For the last, colleges are a perfect launching ground—they are built to reward the rich and to forgive them their laziness. Let's be honest: The successful among us are not always the best and the brightest, and certainly not the most ethical. My favorite customers are those with an unlimited supply of money and no shortage of instructions on how they would like to see their work executed. While the deficient student will generally not know how to ask for what he wants until he doesn't get it, the lazy rich student will know exactly what he wants. He is poised for a life of paying others and telling them what to do. Indeed, he is acquiring all the skills he needs to stay on top.
I recommend reading the whole article, it's a doozy.
 
I'm not in a university yet, but I have seen plagiarism happen at the junior high school level.

I was peer-editing a boy's essay against gun control.
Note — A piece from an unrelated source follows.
(* Let the setting and assumptions described in the context hold. Then for any $h>0$, any $\mathcal{F}_0$-measurable initial value $u_h^0\in L^2(\Omega,\mathcal{F}_0,\mathbb{P};\mathbb{H})$ with values in $\mathbb{V}_h$, any $r\in\mathbb{N}$ and any time step $\tau\le \frac{1}{\lambda_B}$, there exists a unique solution $\{u_h^n\}_{n=1}^N\subset \mathbb{V}_h$ of the fully discrete scheme $$\left(u_h^n-u_h^{n-1},v_h\right)_{\mathbb{H}}+\tau \langle A u_h^n,v_h\rangle_{\mathbb{V}^*\times\mathbb{V}} = \tau \langle b^n,v_h\rangle_{\mathbb{V}^*\times\mathbb{V}} + \left(\sigma^r(u_h^{n-1})\Delta_n W, v_h\right)_{\mathbb{H}}\quad\forall v_h\in\mathbb{V}_h,\ n=1,\dots,N.$$ Moreover, the $\mathbb{V}_h$-valued random variables $u_h^n$ are $\mathcal{F}_{t_n}$-measurable, $n=1,\dots,N$.
   Context: Let $\mathcal{D}\subset\mathbb{R}^d$, $d\ge1$, be a bounded open domain with $\mathcal{C}^{1,1}$ boundary or a rectangular domain, $T>0$, $p>1$, $p'=p/(p-1)$. Let $\mathbb{H}=H^{-1}(\mathcal{D})$ (dual of $H^1_0(\mathcal{D})$) with inner product $(v,w)_{\mathbb{H}}=(v,(-\Delta)^{-1}w)_{L^2}$, where $(-\Delta)^{-1}$ is the inverse of the homogeneous Dirichlet Laplacian, and let $\mathbb{V}=L^p(\mathcal{D})\cap H^{-1}(\mathcal{D})$ with its intersection norm, so that $\mathbb{V}\hookrightarrow\mathbb{H}\equiv\mathbb{H}^*\hookrightarrow\mathbb{V}^*$ is a Gelfand triple. Let $(\Omega,\mathcal{F},\{\mathcal{F}_t\},\mathbb{P})$ be a filtered probability space, $\mathbb{K}$ a real separable Hilbert space with orthonormal basis $\{\tilde e_i\}$, and $W=\sum_i\tilde e_i\beta_i$ a cylindrical Wiener process on $\mathbb{K}$ with independent Brownian motions $\beta_i$. $L_2(\mathbb{K},\mathbb{H})$ denotes the Hilbert–Schmidt operators. Let $\alpha:\mathbb{R}\to\mathbb{R}$ be continuous, monotonically increasing, with $\alpha(z)z\ge\mu|z|^p-\lambda$ and $|\alpha(z)|\le c(|z|+1)^{p-1}$, and define $A:\mathbb{V}\to\mathbb{V}^*$ by $\langle Au,v\rangle=(\alpha(u),v)_{L^2}$. Let $\sigma:\mathbb{V}\to L_2(\mathbb{K},\mathbb{H})$. Assume: (i) $\epsilon\mapsto\langle A(w+\epsilon z),v\rangle$ is continuous on $[0,1]$ for all $v,w,z\in\mathbb{V}$; (ii) there is $\lambda_B\ge0$ with $2\langle Av-Aw,v-w\rangle+\lambda_B\|v-w\|_{\mathbb{H}}^2\ge\|\sigma(v)-\sigma(w)\|_{L_2(\mathbb{K},\mathbb{H})}^2$ for all $v,w\in\mathbb{V}$; (iii) there are $\mu>0$, $\lambda,\lambda_A,\kappa_\sigma\ge0$ with $\langle Av,v\rangle+\lambda_A\|v\|_{\mathbb{H}}^2\ge\mu\|v\|_{\mathbb{V}}^p-\lambda|\mathcal{D}|+\frac12\|\sigma(v)\|_{L_2(\mathbb{K},\mathbb{H})}^2-\kappa_\sigma$ for all $v\in\mathbb{V}$; (iv) $\|Av\|_{\mathbb{V}^*}\le C(\|v\|_{\mathbb{V}}+1)^{p-1}$ for all $v\in\mathbb{V}$. Let $f\in L^\infty(\Omega\times(0,T)\times\mathcal{D})$, $g\in L^\infty(\Omega\times(0,T)\times\partial\mathcal{D})$ be progressively measurable, and define $b(s)\in\mathbb{V}^*$ by $\langle b(s),v\rangle=(f(s),(-\Delta)^{-1}v)_{L^2}-(g(s),\partial_{\vec n}(-\Delta)^{-1}v)_{L^2(\partial\mathcal{D})}$. Let $(\mathbb{V}_h)_{h>0}$ be finite-dimensional subspaces of $\mathbb{V}$. Time discretization: $\tau=T/N$, $t_n=n\tau$; $b^n=\frac1\tau\int_{t_{n-1}}^{t_n}b(t)\,dt$; $\Delta_1\beta_i=0$ and $\Delta_n\beta_i=\beta_i(t_n)-\beta_i(t_{n-1})$ for $n\ge2$, $\Delta_nW=\sum_i\tilde e_i\Delta_n\beta_i$; for $r\in\mathbb{N}$, $\sigma^r(u)w=\sum_{i=1}^r\sigma(u)\tilde e_i(w,\tilde e_i)_{\mathbb{K}}$. *)

theory Defs
  imports "HOL-Probability.Probability"
begin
Aside from the fact that he didn't seem to know what gun control was, he had one paragraph that was simply a list of bulletpoints on gun safety copied from a gun safety website.
 
If you punish a student for cheating, the student (no matter how guilty s/he knows they are) is likely to file a complaint. This will be handled by the university administration, and there will be a hearing similar to a trial. This is time-consuming for the instructor, and there is a significant chance that the administrators will sympathize with the student no matter how obvious the instructor thinks the plagiarism is. (If I see a student looking over another student's shoulder during the exam, that will convince me that he's cheating, but the Dean's not going to take my word for it.) An instructor who is juggling two or three courses, plus possibly research, isn't going to want to devote time to such hearings if the outcome isn't assured.

When I was a lab instructor and caught students plagiarizing lab reports, the usual punishment was that they would get a zero on that lab, and not be allowed to write the lab exam (which meant a significant hit on their lab grade, but also freed them from a stressful exam that all the other students devoted a great deal of time studying for). Any more serious punishment would have required an administrative hearing, and the prof didn't have time for that sort of thing. But he did sit down with the students, outline the evidence against them, and outline the possible punishments for them (such as expulsion) in order to put the fear of Gawd into them. The students would then be grateful to receive only a zero, and not contest it.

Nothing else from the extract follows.